In 2018, a group did a genome-wide survey, looking for suppressors and enhancers of C9ORF72 dipeptide repeat toxicity in human cells [41]. These were validated using primary mouse neurons with CRISPR/Cas9 screening [41]. They discovered several modifiers, but one in particular, called TMX2, modulated the endoplasmic reticular stress caused by C9ORF72 dipeptide repeats, increasing survival to 100% (from 10%) in their mouse models [41].

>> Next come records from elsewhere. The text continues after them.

(* Let $A\in\mathbb{R}_+^{n\times n}$ and let $x\in\mathbb{R}_+^n$ be a Perron eigenvector of $A$ normalized so that $\sum_{i=1}^n x_i=1$. (i) If for all $i,j,k$, $x_k<x_j$ implies $a_{i,k}\le a_{i,j}$, then for every $i$: $\frac{1}{n}\sum_{j=1}^n a_{i,j}\le\sum_{j=1}^n a_{i,j}x_j=\rho(A)x_i$. (ii) If for all $i,j,k$, $x_k<x_j$ implies $a_{i,k}\ge a_{i,j}$, then for every $i$: $\frac{1}{n}\sum_{j=1}^n a_{i,j}\ge\sum_{j=1}^n a_{i,j}x_j=\rho(A)x_i$. (iii) If one of the hypotheses of (i) or (ii) holds, then the following are equivalent: (a) $\frac{1}{n}\sum_{j=1}^n a_{i,j}=\sum_{j=1}^n a_{i,j}x_j=\rho(A)x_i$ for all $i$; (b) either $x_i=\frac1n$ for all $i$, or for each $i$ there is a constant $c_i$ with $a_{i,j}=c_i$ for all $j$.
   Context: $\mathbb{R}_+^{n\times n}$ and $\mathbb{R}_+^n$ denote nonnegative $n\times n$ matrices and nonnegative vectors. $\rho(A)$ is the spectral radius (Perron root) of $A$; a Perron eigenvector is a nonzero nonnegative vector $x$ with $Ax=\rho(A)x$. *)

theory Defs
  imports "Jordan_Normal_Form.Spectral_Radius"
begin

definition perron_root :: "real mat \<Rightarrow> real" where
  "perron_root A = spectral_radius (map_mat complex_of_real A)"

definition perron_eigenvector :: "real mat \<Rightarrow> real vec \<Rightarrow> bool" where
  "perron_eigenvector A x \<longleftrightarrow>
     x \<in> carrier_vec (dim_col A) \<and> x \<noteq> 0\<^sub>v (dim_col A) \<and>
     (\<forall>i < dim_vec x. x $ i \<ge> 0) \<and> A *\<^sub>v x = perron_root A \<cdot>\<^sub>v x"

end

theory Submission
  imports Defs
begin

text \<open>Everything reduces to Chebyshev's sum inequality, row by row: the eigen-equation gives
  \<open>\<Sum>\<^sub>j a\<^sub>i\<^sub>j x\<^sub>j = \<rho>(A) x\<^sub>i\<close>, and since \<open>\<Sum>\<^sub>j x\<^sub>j = 1\<close> the identity
  \<open>\<Sum>\<^sub>j\<^sub>,\<^sub>k (a\<^sub>i\<^sub>j - a\<^sub>i\<^sub>k)(x\<^sub>j - x\<^sub>k) = 2 (n \<Sum>\<^sub>j a\<^sub>i\<^sub>j x\<^sub>j - \<Sum>\<^sub>j a\<^sub>i\<^sub>j)\<close>
  compares the weighted and the plain row mean. The monotonicity hypotheses make every term of
  the double sum of one sign, so equality holds iff every term vanishes, i.e. iff row \<open>i\<close> is
  constant across any two distinct levels of \<open>x\<close>. If \<open>x\<close> is not constant this forces every
  row to be constant; if it is, the normalisation gives \<open>x = 1/n\<close>.\<close>

lemma chebyshev_sum_identity:
  fixes a x :: "'b \<Rightarrow> 'a::comm_ring_1"
  shows "(\<Sum>j\<in>S. \<Sum>k\<in>S. (a j - a k) * (x j - x k)) =
    2 * (of_nat (card S) * (\<Sum>j\<in>S. a j * x j) - sum a S * sum x S)"
proof -
  have "(a j - a k) * (x j - x k) = a j * x j + a k * x k - a j * x k - a k * x j" for j k
    by (simp add: algebra_simps)
  then show ?thesis
    by (simp add: sum_subtractf sum.distrib sum_distrib_left sum_distrib_right
        sum.swap[of "\<lambda>j k. a k * x j"] algebra_simps)
qed

lemma chebyshev_sum_le:
  fixes a x :: "'b \<Rightarrow> 'a::linordered_idom"
  assumes "\<And>j k. j \<in> S \<Longrightarrow> k \<in> S \<Longrightarrow> 0 \<le> (a j - a k) * (x j - x k)"
  shows "sum a S * sum x S \<le> of_nat (card S) * (\<Sum>j\<in>S. a j * x j)"
proof -
  have "0 \<le> (\<Sum>j\<in>S. \<Sum>k\<in>S. (a j - a k) * (x j - x k))"
    using assms by (intro sum_nonneg) auto
  then show ?thesis
    unfolding chebyshev_sum_identity by simp
qed

lemma chebyshev_sum_eq_iff:
  fixes a x :: "'b \<Rightarrow> 'a::linordered_idom"
  assumes "finite S"
    and "\<And>j k. j \<in> S \<Longrightarrow> k \<in> S \<Longrightarrow> 0 \<le> (a j - a k) * (x j - x k)"
  shows "sum a S * sum x S = of_nat (card S) * (\<Sum>j\<in>S. a j * x j) \<longleftrightarrow>
    (\<forall>j\<in>S. \<forall>k\<in>S. (a j - a k) * (x j - x k) = 0)"
proof -
  have rows: "(\<Sum>k\<in>S. (a j - a k) * (x j - x k)) = 0 \<longleftrightarrow>
      (\<forall>k\<in>S. (a j - a k) * (x j - x k) = 0)" if "j \<in> S" for j
    using assms that by (subst sum_nonneg_eq_0_iff) auto
  have "(\<Sum>j\<in>S. \<Sum>k\<in>S. (a j - a k) * (x j - x k)) = 0 \<longleftrightarrow>
      (\<forall>j\<in>S. (\<Sum>k\<in>S. (a j - a k) * (x j - x k)) = 0)"
    using assms by (subst sum_nonneg_eq_0_iff) (auto intro!: sum_nonneg)
  with rows show ?thesis
    unfolding chebyshev_sum_identity by auto
qed

lemma prod_diff_nonneg_if_mono:
  fixes a x :: "'b \<Rightarrow> 'a::linordered_idom"
  assumes "x k < x j \<Longrightarrow> a k \<le> a j" and "x j < x k \<Longrightarrow> a j \<le> a k"
  shows "0 \<le> (a j - a k) * (x j - x k)"
  using assms by (cases "x k < x j"; cases "x j < x k")
    (auto intro: mult_nonneg_nonneg mult_nonpos_nonpos)

lemma mean_le_weighted_mean:
  fixes a x :: "nat \<Rightarrow> real"
  assumes mono: "\<forall>j<n. \<forall>k<n. x k < x j \<longrightarrow> a k \<le> a j"
    and sum_x: "(\<Sum>j<n. x j) = 1"
  shows "(1 / real n) * (\<Sum>j<n. a j) \<le> (\<Sum>j<n. a j * x j)"
    and "(1 / real n) * (\<Sum>j<n. a j) = (\<Sum>j<n. a j * x j) \<longleftrightarrow>
      (\<forall>j<n. \<forall>k<n. (a j - a k) * (x j - x k) = 0)"
proof -
  have "n > 0"
    using sum_x by (cases n) auto
  have nonneg: "0 \<le> (a j - a k) * (x j - x k)" if "j \<in> {..<n}" "k \<in> {..<n}" for j k
    using mono that by (intro prod_diff_nonneg_if_mono) auto
  show "(1 / real n) * (\<Sum>j<n. a j) \<le> (\<Sum>j<n. a j * x j)"
    using chebyshev_sum_le[of "{..<n}" a x, OF nonneg] sum_x \<open>n > 0\<close>
    by (simp add: field_simps)
  show "(1 / real n) * (\<Sum>j<n. a j) = (\<Sum>j<n. a j * x j) \<longleftrightarrow>
      (\<forall>j<n. \<forall>k<n. (a j - a k) * (x j - x k) = 0)"
    using chebyshev_sum_eq_iff[of "{..<n}" a x, OF _ nonneg] sum_x \<open>n > 0\<close>
    by (auto simp: field_simps)
qed

lemma weighted_mean_le_mean:
  fixes a x :: "nat \<Rightarrow> real"
  assumes mono: "\<forall>j<n. \<forall>k<n. x k < x j \<longrightarrow> a j \<le> a k"
    and sum_x: "(\<Sum>j<n. x j) = 1"
  shows "(\<Sum>j<n. a j * x j) \<le> (1 / real n) * (\<Sum>j<n. a j)"
    and "(1 / real n) * (\<Sum>j<n. a j) = (\<Sum>j<n. a j * x j) \<longleftrightarrow>
      (\<forall>j<n. \<forall>k<n. (a j - a k) * (x j - x k) = 0)"
proof -
  have mono_neg: "\<forall>j<n. \<forall>k<n. x k < x j \<longrightarrow> - a k \<le> - a j"
    using mono by simp
  have flip: "(- a j - - a k) * (x j - x k) = - ((a j - a k) * (x j - x k))" for j k
    by (simp add: algebra_simps)
  note neg = mean_le_weighted_mean[of n x "\<lambda>j. - a j", OF mono_neg sum_x,
      unfolded flip sum_negf mult_minus_left]
  show "(\<Sum>j<n. a j * x j) \<le> (1 / real n) * (\<Sum>j<n. a j)"
    using neg(1) by simp
  show "(1 / real n) * (\<Sum>j<n. a j) = (\<Sum>j<n. a j * x j) \<longleftrightarrow>
      (\<forall>j<n. \<forall>k<n. (a j - a k) * (x j - x k) = 0)"
    using neg(2) by simp
qed

lemma eq_if_eq_across_levels:
  assumes "j0 \<in> S" "k0 \<in> S" "x j0 \<noteq> x k0"
    and across: "\<And>j k. j \<in> S \<Longrightarrow> k \<in> S \<Longrightarrow> x j \<noteq> x k \<Longrightarrow> f j = f k"
    and "j \<in> S" "k \<in> S"
  shows "f j = f k"
proof (cases "x j = x k")
  case True
  obtain l where "l \<in> S" "x l \<noteq> x j"
    using assms(1-3) by metis
  then show ?thesis
    using across[of j l] across[of k l] \<open>j \<in> S\<close> \<open>k \<in> S\<close> True by auto
next
  case False
  then show ?thesis
    using across \<open>j \<in> S\<close> \<open>k \<in> S\<close> by blast
qed

lemma eq_inverse_if_constant_sum_one:
  fixes x :: "nat \<Rightarrow> real"
  assumes const: "\<forall>j<n. \<forall>k<n. x j = x k" and sum_x: "(\<Sum>j<n. x j) = 1" and "i < n"
  shows "x i = 1 / real n"
proof -
  have "(\<Sum>j<n. x j) = (\<Sum>j<n. x i)"
    using const \<open>i < n\<close> by (intro sum.cong) blast+
  with sum_x \<open>i < n\<close> show ?thesis
    by (simp add: field_simps)
qed

lemma prod_diffs_vanish_iff_uniform_or_constant_rows:
  fixes a :: "nat \<Rightarrow> nat \<Rightarrow> real" and x :: "nat \<Rightarrow> real"
  assumes sum_x: "(\<Sum>j<n. x j) = 1"
  shows "(\<forall>i<n. \<forall>j<n. \<forall>k<n. (a i j - a i k) * (x j - x k) = 0) \<longleftrightarrow>
    (\<forall>i<n. x i = 1 / real n) \<or> (\<forall>i<n. \<exists>c. \<forall>j<n. a i j = c)"
proof
  assume zero: "\<forall>i<n. \<forall>j<n. \<forall>k<n. (a i j - a i k) * (x j - x k) = 0"
  show "(\<forall>i<n. x i = 1 / real n) \<or> (\<forall>i<n. \<exists>c. \<forall>j<n. a i j = c)"
  proof (cases "\<forall>j<n. \<forall>k<n. x j = x k")
    case True
    then show ?thesis
      using eq_inverse_if_constant_sum_one[OF True sum_x] by blast
  next
    case False
    then obtain j0 k0 where levels: "j0 \<in> {..<n}" "k0 \<in> {..<n}" "x j0 \<noteq> x k0"
      by auto
    have "a i j = a i k" if "i < n" "j < n" "k < n" for i j k
      by (rule eq_if_eq_across_levels[OF levels, of "a i"]) (use zero that in auto)
    then show ?thesis
      by blast
  qed
next
  assume const: "(\<forall>i<n. x i = 1 / real n) \<or> (\<forall>i<n. \<exists>c. \<forall>j<n. a i j = c)"
  show "\<forall>i<n. \<forall>j<n. \<forall>k<n. (a i j - a i k) * (x j - x k) = 0"
  proof (intro allI impI)
    fix i j k
    assume "i < n" "j < n" "k < n"
    from const show "(a i j - a i k) * (x j - x k) = 0"
    proof
      assume "\<forall>i<n. x i = 1 / real n"
      with \<open>j < n\<close> \<open>k < n\<close> show ?thesis
        by simp
    next
      assume "\<forall>i<n. \<exists>c. \<forall>j<n. a i j = c"
      with \<open>i < n\<close> obtain c where "\<forall>j<n. a i j = c"
        by blast
      with \<open>j < n\<close> \<open>k < n\<close> show ?thesis
        by simp
    qed
  qed
qed

lemma rows_mean_le_weighted_mean:
  fixes a :: "nat \<Rightarrow> nat \<Rightarrow> real" and x :: "nat \<Rightarrow> real"
  assumes "\<forall>i<n. \<forall>j<n. \<forall>k<n. x k < x j \<longrightarrow> a i k \<le> a i j" and "(\<Sum>j<n. x j) = 1"
  shows "\<forall>i<n. (1 / real n) * (\<Sum>j<n. a i j) \<le> (\<Sum>j<n. a i j * x j)"
proof (intro allI impI)
  fix i assume "i < n"
  with assms show "(1 / real n) * (\<Sum>j<n. a i j) \<le> (\<Sum>j<n. a i j * x j)"
    by (intro mean_le_weighted_mean(1)) auto
qed

lemma rows_weighted_mean_le_mean:
  fixes a :: "nat \<Rightarrow> nat \<Rightarrow> real" and x :: "nat \<Rightarrow> real"
  assumes "\<forall>i<n. \<forall>j<n. \<forall>k<n. x k < x j \<longrightarrow> a i j \<le> a i k" and "(\<Sum>j<n. x j) = 1"
  shows "\<forall>i<n. (\<Sum>j<n. a i j * x j) \<le> (1 / real n) * (\<Sum>j<n. a i j)"
proof (intro allI impI)
  fix i assume "i < n"
  with assms show "(\<Sum>j<n. a i j * x j) \<le> (1 / real n) * (\<Sum>j<n. a i j)"
    by (intro weighted_mean_le_mean(1)) auto
qed

lemma rows_mean_eq_weighted_mean_iff:
  fixes a :: "nat \<Rightarrow> nat \<Rightarrow> real" and x :: "nat \<Rightarrow> real"
  assumes mono: "(\<forall>i<n. \<forall>j<n. \<forall>k<n. x k < x j \<longrightarrow> a i k \<le> a i j) \<or>
      (\<forall>i<n. \<forall>j<n. \<forall>k<n. x k < x j \<longrightarrow> a i j \<le> a i k)"
    and sum_x: "(\<Sum>j<n. x j) = 1"
  shows "(\<forall>i<n. (1 / real n) * (\<Sum>j<n. a i j) = (\<Sum>j<n. a i j * x j)) \<longleftrightarrow>
    (\<forall>i<n. x i = 1 / real n) \<or> (\<forall>i<n. \<exists>c. \<forall>j<n. a i j = c)"
proof -
  have "(1 / real n) * (\<Sum>j<n. a i j) = (\<Sum>j<n. a i j * x j) \<longleftrightarrow>
      (\<forall>j<n. \<forall>k<n. (a i j - a i k) * (x j - x k) = 0)" if "i < n" for i
    using mono
  proof
    assume "\<forall>i<n. \<forall>j<n. \<forall>k<n. x k < x j \<longrightarrow> a i k \<le> a i j"
    with \<open>i < n\<close> sum_x show ?thesis
      by (intro mean_le_weighted_mean(2)) auto
  next
    assume "\<forall>i<n. \<forall>j<n. \<forall>k<n. x k < x j \<longrightarrow> a i j \<le> a i k"
    with \<open>i < n\<close> sum_x show ?thesis
      by (intro weighted_mean_le_mean(2)) auto
  qed
  then have "(\<forall>i<n. (1 / real n) * (\<Sum>j<n. a i j) = (\<Sum>j<n. a i j * x j)) \<longleftrightarrow>
      (\<forall>i<n. \<forall>j<n. \<forall>k<n. (a i j - a i k) * (x j - x k) = 0)"
    by (intro all_cong)
  also have "\<dots> \<longleftrightarrow> (\<forall>i<n. x i = 1 / real n) \<or> (\<forall>i<n. \<exists>c. \<forall>j<n. a i j = c)"
    by (rule prod_diffs_vanish_iff_uniform_or_constant_rows[OF sum_x])
  finally show ?thesis .
qed

lemma perron_eigenvector_row:
  assumes "A \<in> carrier_mat n n" "perron_eigenvector A x" "i < n"
  shows "(\<Sum>j<n. A $$ (i, j) * x $ j) = perron_root A * x $ i"
proof -
  have "x \<in> carrier_vec n" "A *\<^sub>v x = perron_root A \<cdot>\<^sub>v x"
    using assms(1,2) unfolding perron_eigenvector_def by auto
  then have "(A *\<^sub>v x) $ i = perron_root A * x $ i"
    using \<open>i < n\<close> by simp
  then show ?thesis
    using assms(1,3) \<open>x \<in> carrier_vec n\<close> by (simp add: scalar_prod_def lessThan_atLeast0)
qed

theorem lemma2p2:
  fixes A :: "real mat" and x :: "real vec" and n :: nat
  assumes A: "A \<in> carrier_mat n n"
    and nonneg: "\<forall>i<n. \<forall>j<n. A $$ (i, j) \<ge> 0"
    and perron: "perron_eigenvector A x"
    and norm: "(\<Sum>i<n. x $ i) = 1"
  shows
    "((\<forall>i<n. \<forall>j<n. \<forall>k<n. x $ k < x $ j \<longrightarrow> A $$ (i, k) \<le> A $$ (i, j)) \<longrightarrow>
        (\<forall>i<n. (1 / real n) * (\<Sum>j<n. A $$ (i, j)) \<le> (\<Sum>j<n. A $$ (i, j) * x $ j)
               \<and> (\<Sum>j<n. A $$ (i, j) * x $ j) = perron_root A * x $ i))
     \<and> ((\<forall>i<n. \<forall>j<n. \<forall>k<n. x $ k < x $ j \<longrightarrow> A $$ (i, k) \<ge> A $$ (i, j)) \<longrightarrow>
        (\<forall>i<n. (1 / real n) * (\<Sum>j<n. A $$ (i, j)) \<ge> (\<Sum>j<n. A $$ (i, j) * x $ j)
               \<and> (\<Sum>j<n. A $$ (i, j) * x $ j) = perron_root A * x $ i))
     \<and> (((\<forall>i<n. \<forall>j<n. \<forall>k<n. x $ k < x $ j \<longrightarrow> A $$ (i, k) \<le> A $$ (i, j)) \<or>
          (\<forall>i<n. \<forall>j<n. \<forall>k<n. x $ k < x $ j \<longrightarrow> A $$ (i, k) \<ge> A $$ (i, j))) \<longrightarrow>
        ((\<forall>i<n. (1 / real n) * (\<Sum>j<n. A $$ (i, j)) = (\<Sum>j<n. A $$ (i, j) * x $ j)
               \<and> (\<Sum>j<n. A $$ (i, j) * x $ j) = perron_root A * x $ i)
         \<longleftrightarrow> ((\<forall>i<n. x $ i = 1 / real n) \<or>
              (\<forall>i<n. \<exists>c. \<forall>j<n. A $$ (i, j) = c))))"
proof -
  have eigen: "(\<Sum>j<n. A $$ (i, j) * x $ j) = perron_root A * x $ i" if "i < n" for i
    using perron_eigenvector_row[OF A perron that] .
  note le = rows_mean_le_weighted_mean[where a = "\<lambda>i j. A $$ (i, j)" and x = "\<lambda>j. x $ j", OF _ norm]
  note ge = rows_weighted_mean_le_mean[where a = "\<lambda>i j. A $$ (i, j)" and x = "\<lambda>j. x $ j", OF _ norm]
  note eq = rows_mean_eq_weighted_mean_iff[where a = "\<lambda>i j. A $$ (i, j)" and x = "\<lambda>j. x $ j", OF _ norm]
  show ?thesis
    using le ge eq by (simp add: eigen)
qed

end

Additional researchers used a SaCas9 endonuclease to disrupt HERV-K env, a retroviral gene, human mouse mammary tumor virus-like 2, related to prostate cancer motor neuron disease [42]. They found this inhibited molecules involved in amyotrophic lateral sclerosis, including epidermal growth factor receptor (EGF-R), nuclear factor kappa-light-chain-enhancer of activated B cells (NF-κB), SF2/ASF and TDP-43 [42]. These molecules are important for RNA-binding and alternative splicing [42].

4.2 ASO editing of ALS

Tofersen is an antisense oligonucleotide that binds to the mRNA from the SOD1 gene [43]. This drug is being studied in patients with ALS caused by the SOD1 mutation [43]. In the phase 1/2 trial, treatment with tofersen 100 mg in 10 patients with SOD1 fALS over a three-month period resulted in a statistically significant lowering of SOD1 protein levels in the cerebrospinal fluid and a slowed decline in the ALS Functional Rating Scale-Revised (ALSFRS-R) compared to 12 patients receiving a placebo [44]. They also noted slowed decline in muscle strength and vital capacity in the study group [44].